Во-вторых, можно утверждать, что закону и регуляции предшествует физическое принуждение (сила). Именно через указание на смертоносный характер, страх и террор, а не на военные силы определяет государство Поджи (Poggi 2001: 30–31). (Я нахожу это странным.) Кроме того, большинство физических сил государства редко мобилизуется для летального воздействия, а когда государство все же прибегает к более насильственным формам действия, это обычно происходит в результате постепенной эскалации. Полиция может начать с применения несмертоносной тактики против повстанцев, результатом которой становятся травмы и лишь изредка смерть. Затем смешанные полицейские, военизированные и военные расчеты могут прибегнуть к демонстрации силы, стреляя в воздух и применяя легкое оружие: дубинки, слезоточивый газ, резиновые пули, незаточенные кавалерийские сабли, ружья, а не автоматическое оружие и т. д. Если и это не срабатывает, за дело берутся военные и, демонстрируя наиболее жестокую форму репрессии, безжалостно убивают до тех пор, пока это, по их мнению, необходимо. Такой исход включает эскалацию и отход от политических отношений власти путем смешения их с военными. Однако большинство насильственных государств стирали всякое различие между политической и военной властью. Нацисты, сталинисты, маоисты и католическая инквизиция убили огромное количество людей, единственная вина которых состояла в том, что они были определены как «враги» (как еврей, кулак, землевладелец, еретик и т. д.). Легальные формы были фальшивкой. Эти примеры слияния политической и военной власти могут выглядеть как оправдывающие Поджи. Но все источники власти иногда перетекают друг в друга. Например, экономические и политические источники слились и перемешались в советском государстве. Однако эти примеры не отрицают целесообразности различения политической и экономической власти, как и существование очень немногих насильственных государств не отрицает различия между политической и военной властью.

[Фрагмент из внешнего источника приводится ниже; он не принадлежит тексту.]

theorem proposition2p1:
  shows "(\<forall>(G :: 'a::banach \<Rightarrow>\<^sub>L 'b::banach) (T :: 'a \<Rightarrow>\<^sub>L 'b). norm G = 1 \<longrightarrow>
            is_max (abs ` SG_real (blinfun_apply G) (blinfun_apply T)) (gnorm (blinfun_apply G) (blinfun_apply T))
          \<and> is_max (SG_tilde (blinfun_apply G) (blinfun_apply T)) (gnorm (blinfun_apply G) (blinfun_apply T)))
       \<and> (\<forall>(G :: 'c::complex_banach \<Rightarrow>\<^sub>L 'd::complex_banach) (T :: 'c \<Rightarrow>\<^sub>L 'd).
            norm G = 1 \<and> clinear_op (blinfun_apply G) \<and> clinear_op (blinfun_apply T) \<longrightarrow>
            is_max (cmod ` SG_complex (blinfun_apply G) (blinfun_apply T)) (gnorm (blinfun_apply G) (blinfun_apply T))
          \<and> is_max (SG_tilde (blinfun_apply G) (blinfun_apply T)) (gnorm (blinfun_apply G) (blinfun_apply T)))"
proof (rule conjI; intro allI impI)
  fix G T :: "'a \<Rightarrow>\<^sub>L 'b"
  assume "norm G = 1"
  then show "is_max (abs ` SG_real G T) (gnorm G T) \<and> is_max (SG_tilde G T) (gnorm G T)"
    by (simp add: is_max_abs_SG_real is_max_SG_tilde)
next
  fix G T :: "'c \<Rightarrow>\<^sub>L 'd"
  assume "norm G = 1 \<and> clinear_op G \<and> clinear_op T"
  then show "is_max (cmod ` SG_complex G T) (gnorm G T) \<and> is_max (SG_tilde G T) (gnorm G T)"
    by (simp add: is_max_cmod_SG_complex is_max_SG_tilde)
qed

end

В-третьих, государства сами увеличивают численность войск, которые обычно являются самыми мощными вооруженными силами. Это справедливо для большинства случаев. Тем не менее даже в этих случаях гражданские и военные власти обычно разделены, военные касты и военные перевороты добиваются некоторой автономии власти, а многие вооруженные силы не организованы государствами. Большинство военных племен не имели гражданства, тогда как большинство феодальных дружин, рыцарских орденов, частных купеческих армий (например, британская Ост-Индская компания), а также повстанческих и партизанских сил были полностью независимы от государства (Jacoby 2004: 408). Сегодня террористы не имеют гражданства, так же как и бандитские, криминальные и молодежные группировки. Такие военные формирования широко распространены по всему миру в наши дни и весьма успешны в борьбе с армиями государств. Однако начиная со Второй мировой войны партизанам редко удавалось нанести поражение регулярным армиям государств. Разумеется, в этот период количество войн между государствами сократилось практически до нуля, а большинство войн и катастроф представляли собой гражданские войны. Наконец, военная власть завоевывает новые территории, где политическая власть может править только извне. Поэтому целесообразно отделять военную власть от политической.